Find how many lines of the records hold the string "times" and reply with only that total.

───── Materials provided

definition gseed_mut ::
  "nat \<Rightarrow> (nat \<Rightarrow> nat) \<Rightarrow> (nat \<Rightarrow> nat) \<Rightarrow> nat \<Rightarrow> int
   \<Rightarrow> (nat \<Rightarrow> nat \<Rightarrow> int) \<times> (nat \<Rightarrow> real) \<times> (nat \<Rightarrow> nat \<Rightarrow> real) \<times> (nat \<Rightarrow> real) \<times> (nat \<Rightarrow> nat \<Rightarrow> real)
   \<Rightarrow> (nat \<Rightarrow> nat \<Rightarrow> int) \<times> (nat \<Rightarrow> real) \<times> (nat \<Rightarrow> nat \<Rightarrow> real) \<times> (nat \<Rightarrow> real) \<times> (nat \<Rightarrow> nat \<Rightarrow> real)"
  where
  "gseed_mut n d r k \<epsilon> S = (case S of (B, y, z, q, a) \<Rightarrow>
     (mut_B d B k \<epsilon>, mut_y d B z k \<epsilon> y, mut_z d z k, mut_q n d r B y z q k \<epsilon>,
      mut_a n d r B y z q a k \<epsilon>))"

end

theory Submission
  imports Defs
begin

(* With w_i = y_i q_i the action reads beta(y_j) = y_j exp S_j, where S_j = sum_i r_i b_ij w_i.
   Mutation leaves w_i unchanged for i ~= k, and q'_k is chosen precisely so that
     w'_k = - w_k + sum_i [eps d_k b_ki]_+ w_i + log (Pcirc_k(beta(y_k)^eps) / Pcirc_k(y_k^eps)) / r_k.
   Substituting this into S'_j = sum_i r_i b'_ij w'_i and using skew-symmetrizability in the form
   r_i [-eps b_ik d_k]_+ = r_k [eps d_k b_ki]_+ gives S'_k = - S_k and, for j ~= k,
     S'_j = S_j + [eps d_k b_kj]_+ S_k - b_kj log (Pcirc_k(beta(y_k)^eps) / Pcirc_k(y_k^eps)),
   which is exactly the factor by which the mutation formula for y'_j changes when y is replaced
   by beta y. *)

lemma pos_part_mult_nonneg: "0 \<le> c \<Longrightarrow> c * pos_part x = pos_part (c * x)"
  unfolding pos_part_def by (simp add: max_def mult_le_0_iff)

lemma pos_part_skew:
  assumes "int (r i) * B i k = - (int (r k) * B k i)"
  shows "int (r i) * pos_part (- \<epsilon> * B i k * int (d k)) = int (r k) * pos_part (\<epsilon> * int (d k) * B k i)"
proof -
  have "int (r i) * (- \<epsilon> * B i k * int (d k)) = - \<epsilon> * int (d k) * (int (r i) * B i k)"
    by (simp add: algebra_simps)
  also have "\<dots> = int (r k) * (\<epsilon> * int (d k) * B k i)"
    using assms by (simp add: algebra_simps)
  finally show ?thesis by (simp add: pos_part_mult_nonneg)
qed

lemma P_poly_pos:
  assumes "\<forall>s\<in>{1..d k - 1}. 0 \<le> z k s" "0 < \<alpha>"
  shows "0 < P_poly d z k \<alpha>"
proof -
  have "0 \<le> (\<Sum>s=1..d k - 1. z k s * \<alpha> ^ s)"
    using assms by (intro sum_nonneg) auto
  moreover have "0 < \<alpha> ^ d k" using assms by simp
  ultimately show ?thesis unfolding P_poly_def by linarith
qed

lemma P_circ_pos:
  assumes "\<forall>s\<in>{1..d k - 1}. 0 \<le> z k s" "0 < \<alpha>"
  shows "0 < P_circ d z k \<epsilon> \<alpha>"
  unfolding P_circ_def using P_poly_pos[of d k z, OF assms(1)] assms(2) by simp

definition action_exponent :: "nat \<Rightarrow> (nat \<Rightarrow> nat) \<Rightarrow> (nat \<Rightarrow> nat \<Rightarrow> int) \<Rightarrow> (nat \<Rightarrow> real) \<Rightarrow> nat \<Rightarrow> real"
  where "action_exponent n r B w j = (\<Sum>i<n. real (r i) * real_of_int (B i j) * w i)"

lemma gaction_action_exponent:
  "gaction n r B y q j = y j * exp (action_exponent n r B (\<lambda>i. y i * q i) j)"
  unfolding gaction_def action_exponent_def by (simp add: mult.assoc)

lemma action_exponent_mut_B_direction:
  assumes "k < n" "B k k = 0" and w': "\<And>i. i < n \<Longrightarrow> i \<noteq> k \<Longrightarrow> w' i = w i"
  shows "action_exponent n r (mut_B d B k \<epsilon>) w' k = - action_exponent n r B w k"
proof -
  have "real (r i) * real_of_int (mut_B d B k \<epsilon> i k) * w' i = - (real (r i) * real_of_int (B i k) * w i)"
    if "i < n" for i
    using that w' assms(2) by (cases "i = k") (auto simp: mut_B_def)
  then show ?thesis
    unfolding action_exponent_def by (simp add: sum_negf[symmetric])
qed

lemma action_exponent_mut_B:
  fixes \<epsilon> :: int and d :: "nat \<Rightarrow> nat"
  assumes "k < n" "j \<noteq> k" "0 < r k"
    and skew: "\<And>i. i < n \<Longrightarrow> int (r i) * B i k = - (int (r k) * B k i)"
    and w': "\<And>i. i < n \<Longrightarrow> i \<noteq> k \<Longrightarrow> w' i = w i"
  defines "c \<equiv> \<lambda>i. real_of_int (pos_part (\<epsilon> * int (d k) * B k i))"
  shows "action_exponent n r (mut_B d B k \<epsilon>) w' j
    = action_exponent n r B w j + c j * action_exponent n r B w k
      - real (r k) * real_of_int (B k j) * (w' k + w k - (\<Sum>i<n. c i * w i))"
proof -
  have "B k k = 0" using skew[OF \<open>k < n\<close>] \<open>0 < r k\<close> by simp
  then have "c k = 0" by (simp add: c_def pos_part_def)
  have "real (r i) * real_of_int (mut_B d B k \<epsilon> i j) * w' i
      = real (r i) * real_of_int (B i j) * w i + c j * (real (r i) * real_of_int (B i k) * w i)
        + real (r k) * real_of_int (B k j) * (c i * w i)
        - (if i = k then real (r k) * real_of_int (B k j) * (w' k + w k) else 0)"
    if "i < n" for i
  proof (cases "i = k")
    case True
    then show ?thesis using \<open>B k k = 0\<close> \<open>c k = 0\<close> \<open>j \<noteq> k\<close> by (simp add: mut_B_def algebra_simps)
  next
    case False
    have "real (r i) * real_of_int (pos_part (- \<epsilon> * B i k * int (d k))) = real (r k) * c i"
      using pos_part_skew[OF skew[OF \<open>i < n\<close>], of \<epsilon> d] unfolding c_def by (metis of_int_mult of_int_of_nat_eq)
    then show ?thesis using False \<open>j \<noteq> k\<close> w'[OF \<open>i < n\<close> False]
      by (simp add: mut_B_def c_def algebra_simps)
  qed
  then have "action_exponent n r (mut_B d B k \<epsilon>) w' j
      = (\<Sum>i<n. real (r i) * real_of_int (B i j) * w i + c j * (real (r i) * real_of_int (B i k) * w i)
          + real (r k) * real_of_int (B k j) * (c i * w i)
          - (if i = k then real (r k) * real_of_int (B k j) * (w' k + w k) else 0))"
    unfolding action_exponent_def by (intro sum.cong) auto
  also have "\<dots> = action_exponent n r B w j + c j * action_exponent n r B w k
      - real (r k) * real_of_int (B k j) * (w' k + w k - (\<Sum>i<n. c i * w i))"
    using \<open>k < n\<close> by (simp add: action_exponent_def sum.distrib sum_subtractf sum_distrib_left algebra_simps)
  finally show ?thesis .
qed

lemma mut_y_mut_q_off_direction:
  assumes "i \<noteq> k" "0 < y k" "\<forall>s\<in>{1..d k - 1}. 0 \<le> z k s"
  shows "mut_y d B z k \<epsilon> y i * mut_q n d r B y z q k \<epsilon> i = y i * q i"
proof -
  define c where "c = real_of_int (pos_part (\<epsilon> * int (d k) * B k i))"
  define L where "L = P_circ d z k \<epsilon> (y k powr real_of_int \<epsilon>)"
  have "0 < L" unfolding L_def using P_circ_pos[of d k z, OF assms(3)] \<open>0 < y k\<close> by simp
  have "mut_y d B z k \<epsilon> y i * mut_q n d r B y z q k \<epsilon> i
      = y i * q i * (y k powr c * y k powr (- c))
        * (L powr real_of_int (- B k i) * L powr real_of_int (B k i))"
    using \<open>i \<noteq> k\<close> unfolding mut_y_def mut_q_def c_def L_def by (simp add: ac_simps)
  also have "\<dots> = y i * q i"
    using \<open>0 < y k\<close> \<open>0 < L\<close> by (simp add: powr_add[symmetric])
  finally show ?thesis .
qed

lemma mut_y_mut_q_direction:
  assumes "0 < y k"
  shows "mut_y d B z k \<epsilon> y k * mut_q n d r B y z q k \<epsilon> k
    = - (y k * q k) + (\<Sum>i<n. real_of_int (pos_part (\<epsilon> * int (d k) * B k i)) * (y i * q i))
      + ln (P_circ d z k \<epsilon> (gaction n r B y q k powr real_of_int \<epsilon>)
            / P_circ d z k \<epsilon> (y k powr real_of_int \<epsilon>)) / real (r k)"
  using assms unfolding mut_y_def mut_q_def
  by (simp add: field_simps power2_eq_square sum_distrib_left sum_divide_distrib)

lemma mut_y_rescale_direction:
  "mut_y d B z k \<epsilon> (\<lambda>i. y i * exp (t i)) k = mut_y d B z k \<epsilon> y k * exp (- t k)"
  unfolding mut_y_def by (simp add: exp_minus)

──────────

### Answer box
2